EXTRACTED ENTRIES

(* For every (finite, simple, undirected) graph $G$ with at least two vertices, $\kappa_2(\overleftrightarrow{G})=\kappa(G)$.
   Context: $\overleftrightarrow{G}$ denotes the complete biorientation of $G$: the digraph with vertex set $V(G)$ obtained by replacing each edge $xy$ of $G$ by the two arcs $xy$ and $yx$. For distinct vertices $x,y$ of $G$, $\kappa_{\{x,y\}}(G)$ is the maximum number of internally disjoint $x$–$y$ paths in $G$, and $\kappa(G)=\min\{\kappa_{\{x,y\}}(G): x,y\in V(G), x\ne y\}$ (so $\kappa(G)=0$ if $G$ is disconnected). A digraph is strong if for every ordered pair of vertices $u,v$ there is a directed path from $u$ to $v$. For a digraph $D$ and $S\subseteq V(D)$, strong subgraphs $D_1,\dots,D_p$ each containing $S$ are $S$-internally disjoint if $V(D_i)\cap V(D_j)=S$ and $A(D_i)\cap A(D_j)=\emptyset$ for $i<j$; $\kappa_S(D)$ is the maximum number of such subgraphs, and $\kappa_2(D)=\min\{\kappa_S(D): S\subseteq V(D), |S|=2\}$. *)

theory Defs
  imports Main
begin

type_synonym 'a graph = "'a set \<times> 'a set set"
type_synonym 'a digraph = "'a set \<times> ('a \<times> 'a) set"

definition simple_graph :: "'a graph \<Rightarrow> bool" where
  "simple_graph G \<longleftrightarrow> finite (fst G) \<and>
     snd G \<subseteq> {{x, y} | x y. x \<in> fst G \<and> y \<in> fst G \<and> x \<noteq> y}"

definition is_path :: "'a graph \<Rightarrow> 'a \<Rightarrow> 'a \<Rightarrow> 'a list \<Rightarrow> bool" where
  "is_path G x y p \<longleftrightarrow> p \<noteq> [] \<and> hd p = x \<and> last p = y \<and> distinct p \<and>
     set p \<subseteq> fst G \<and> (\<forall>i < length p - 1. {p ! i, p ! Suc i} \<in> snd G)"

definition int_disjoint_paths :: "'a graph \<Rightarrow> 'a \<Rightarrow> 'a \<Rightarrow> 'a list set \<Rightarrow> bool" where
  "int_disjoint_paths G x y P \<longleftrightarrow> finite P \<and> (\<forall>p\<in>P. is_path G x y p) \<and>
     (\<forall>p\<in>P. \<forall>q\<in>P. p \<noteq> q \<longrightarrow> set p \<inter> set q = {x, y})"

definition kappa_pair :: "'a graph \<Rightarrow> 'a \<Rightarrow> 'a \<Rightarrow> nat" where
  "kappa_pair G x y = Max {card P | P. int_disjoint_paths G x y P}"

definition kappa :: "'a graph \<Rightarrow> nat" where
  "kappa G = Min {kappa_pair G x y | x y. x \<in> fst G \<and> y \<in> fst G \<and> x \<noteq> y}"

definition biorient :: "'a graph \<Rightarrow> 'a digraph" where
  "biorient G = (fst G, {(x, y). {x, y} \<in> snd G})"

definition strong_subgraph :: "'a digraph \<Rightarrow> 'a digraph \<Rightarrow> bool" where
  "strong_subgraph D H \<longleftrightarrow> fst H \<subseteq> fst D \<and> snd H \<subseteq> snd D \<inter> (fst H \<times> fst H) \<and>
     (\<forall>u\<in>fst H. \<forall>v\<in>fst H. (u, v) \<in> (snd H)\<^sup>*)"

definition S_int_disjoint :: "'a digraph \<Rightarrow> 'a set \<Rightarrow> nat \<Rightarrow> (nat \<Rightarrow> 'a digraph) \<Rightarrow> bool" where
  "S_int_disjoint D S p Ds \<longleftrightarrow>
     (\<forall>i<p. strong_subgraph D (Ds i) \<and> S \<subseteq> fst (Ds i)) \<and>
     (\<forall>i<p. \<forall>j<p. i < j \<longrightarrow> fst (Ds i) \<inter> fst (Ds j) = S \<and> snd (Ds i) \<inter> snd (Ds j) = {})"

definition kappa_S :: "'a digraph \<Rightarrow> 'a set \<Rightarrow> nat" where
  "kappa_S D S = Max {p. \<exists>Ds. S_int_disjoint D S p Ds}"

definition kappa2 :: "'a digraph \<Rightarrow> nat" where
  "kappa2 D = Min {kappa_S D S | S. S \<subseteq> fst D \<and> card S = 2}"

end

theory Submission
  imports Defs
begin

text \<open>For a fixed pair {x, y}, internally disjoint x-y paths of G and
  {x, y}-internally disjoint strong subgraphs of the biorientation correspond in equal
  numbers: a path, with both orientations of each of its edges, is a strong subgraph, and
  a strong subgraph containing x and y contains a directed x-y path, i.e. a path of G.
  Two paths built this way are arc-disjoint unless both are the edge [x, y], and two
  paths extracted from different subgraphs are different for the same reason.
  Hence kappa_S and kappa_pair are maxima over the same set of numbers, and so
  kappa2 and kappa are minima over the same set.\<close>

lemma is_path_iff_successively:
  "is_path G x y p \<longleftrightarrow> p \<noteq> [] \<and> hd p = x \<and> last p = y \<and> distinct p \<and>
     set p \<subseteq> fst G \<and> successively (\<lambda>u v. {u, v} \<in> snd G) p"
  unfolding is_path_def successively_conv_nth
  by (metis Suc_eq_plus1 less_diff_conv)

lemma distinct_hd_last_subset_doubleton:
  assumes "distinct q" "set q \<subseteq> {x, y}" "q \<noteq> []" "hd q = x" "last q = y" "x \<noteq> y"
  shows "q = [x, y]"
proof -
  have "length q \<le> 2"
    using assms(1,2,6) by (metis card_2_iff card_mono distinct_card finite.emptyI finite.insertI)
  then show ?thesis
    using assms by (cases q rule: remdups_adj.cases) (auto simp: le_Suc_eq)
qed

WHAT YOU ARE ASKED TO DO
Would you please give the data above again, exactly as it appears?

RESULT
(* For every (finite, simple, undirected) graph $G$ with at least two vertices, $\kappa_2(\overleftrightarrow{G})=\kappa(G)$.
   Context: $\overleftrightarrow{G}$ denotes the complete biorientation of $G$: the digraph with vertex set $V(G)$ obtained by replacing each edge $xy$ of $G$ by the two arcs $xy$ and $yx$. For distinct vertices $x,y$ of $G$, $\kappa_{\{x,y\}}(G)$ is the maximum number of internally disjoint $x$–$y$ paths in $G$, and $\kappa(G)=\min\{\kappa_{\{x,y\}}(G): x,y\in V(G), x\ne y\}$ (so $\kappa(G)=0$ if $G$ is disconnected). A digraph is strong if for every ordered pair of vertices $u,v$ there is a directed path from $u$ to $v$. For a digraph $D$ and $S\subseteq V(D)$, strong subgraphs $D_1,\dots,D_p$ each containing $S$ are $S$-internally disjoint if $V(D_i)\cap V(D_j)=S$ and $A(D_i)\cap A(D_j)=\emptyset$ for $i<j$; $\kappa_S(D)$ is the maximum number of such subgraphs, and $\kappa_2(D)=\min\{\kappa_S(D): S\subseteq V(D), |S|=2\}$. *)

theory Defs
  imports Main
begin

type_synonym 'a graph = "'a set \<times> 'a set set"
type_synonym 'a digraph = "'a set \<times> ('a \<times> 'a) set"

definition simple_graph :: "'a graph \<Rightarrow> bool" where
  "simple_graph G \<longleftrightarrow> finite (fst G) \<and>
     snd G \<subseteq> {{x, y} | x y. x \<in> fst G \<and> y \<in> fst G \<and> x \<noteq> y}"

definition is_path :: "'a graph \<Rightarrow> 'a \<Rightarrow> 'a \<Rightarrow> 'a list \<Rightarrow> bool" where
  "is_path G x y p \<longleftrightarrow> p \<noteq> [] \<and> hd p = x \<and> last p = y \<and> distinct p \<and>
     set p \<subseteq> fst G \<and> (\<forall>i < length p - 1. {p ! i, p ! Suc i} \<in> snd G)"

definition int_disjoint_paths :: "'a graph \<Rightarrow> 'a \<Rightarrow> 'a \<Rightarrow> 'a list set \<Rightarrow> bool" where
  "int_disjoint_paths G x y P \<longleftrightarrow> finite P \<and> (\<forall>p\<in>P. is_path G x y p) \<and>
     (\<forall>p\<in>P. \<forall>q\<in>P. p \<noteq> q \<longrightarrow> set p \<inter> set q = {x, y})"

definition kappa_pair :: "'a graph \<Rightarrow> 'a \<Rightarrow> 'a \<Rightarrow> nat" where
  "kappa_pair G x y = Max {card P | P. int_disjoint_paths G x y P}"

definition kappa :: "'a graph \<Rightarrow> nat" where
  "kappa G = Min {kappa_pair G x y | x y. x \<in> fst G \<and> y \<in> fst G \<and> x \<noteq> y}"

definition biorient :: "'a graph \<Rightarrow> 'a digraph" where
  "biorient G = (fst G, {(x, y). {x, y} \<in> snd G})"

definition strong_subgraph :: "'a digraph \<Rightarrow> 'a digraph \<Rightarrow> bool" where
  "strong_subgraph D H \<longleftrightarrow> fst H \<subseteq> fst D \<and> snd H \<subseteq> snd D \<inter> (fst H \<times> fst H) \<and>
     (\<forall>u\<in>fst H. \<forall>v\<in>fst H. (u, v) \<in> (snd H)\<^sup>*)"

definition S_int_disjoint :: "'a digraph \<Rightarrow> 'a set \<Rightarrow> nat \<Rightarrow> (nat \<Rightarrow> 'a digraph) \<Rightarrow> bool" where
  "S_int_disjoint D S p Ds \<longleftrightarrow>
     (\<forall>i<p. strong_subgraph D (Ds i) \<and> S \<subseteq> fst (Ds i)) \<and>
     (\<forall>i<p. \<forall>j<p. i < j \<longrightarrow> fst (Ds i) \<inter> fst (Ds j) = S \<and> snd (Ds i) \<inter> snd (Ds j) = {})"

definition kappa_S :: "'a digraph \<Rightarrow> 'a set \<Rightarrow> nat" where
  "kappa_S D S = Max {p. \<exists>Ds. S_int_disjoint D S p Ds}"

definition kappa2 :: "'a digraph \<Rightarrow> nat" where
  "kappa2 D = Min {kappa_S D S | S. S \<subseteq> fst D \<and> card S = 2}"

end

theory Submission
  imports Defs
begin

text \<open>For a fixed pair {x, y}, internally disjoint x-y paths of G and
  {x, y}-internally disjoint strong subgraphs of the biorientation correspond in equal
  numbers: a path, with both orientations of each of its edges, is a strong subgraph, and
  a strong subgraph containing x and y contains a directed x-y path, i.e. a path of G.
  Two paths built this way are arc-disjoint unless both are the edge [x, y], and two
  paths extracted from different subgraphs are different for the same reason.
  Hence kappa_S and kappa_pair are maxima over the same set of numbers, and so
  kappa2 and kappa are minima over the same set.\<close>

lemma is_path_iff_successively:
  "is_path G x y p \<longleftrightarrow> p \<noteq> [] \<and> hd p = x \<and> last p = y \<and> distinct p \<and>
     set p \<subseteq> fst G \<and> successively (\<lambda>u v. {u, v} \<in> snd G) p"
  unfolding is_path_def successively_conv_nth
  by (metis Suc_eq_plus1 less_diff_conv)

lemma distinct_hd_last_subset_doubleton:
  assumes "distinct q" "set q \<subseteq> {x, y}" "q \<noteq> []" "hd q = x" "last q = y" "x \<noteq> y"
  shows "q = [x, y]"
proof -
  have "length q \<le> 2"
    using assms(1,2,6) by (metis card_2_iff card_mono distinct_card finite.emptyI finite.insertI)
  then show ?thesis
    using assms by (cases q rule: remdups_adj.cases) (auto simp: le_Suc_eq)
qed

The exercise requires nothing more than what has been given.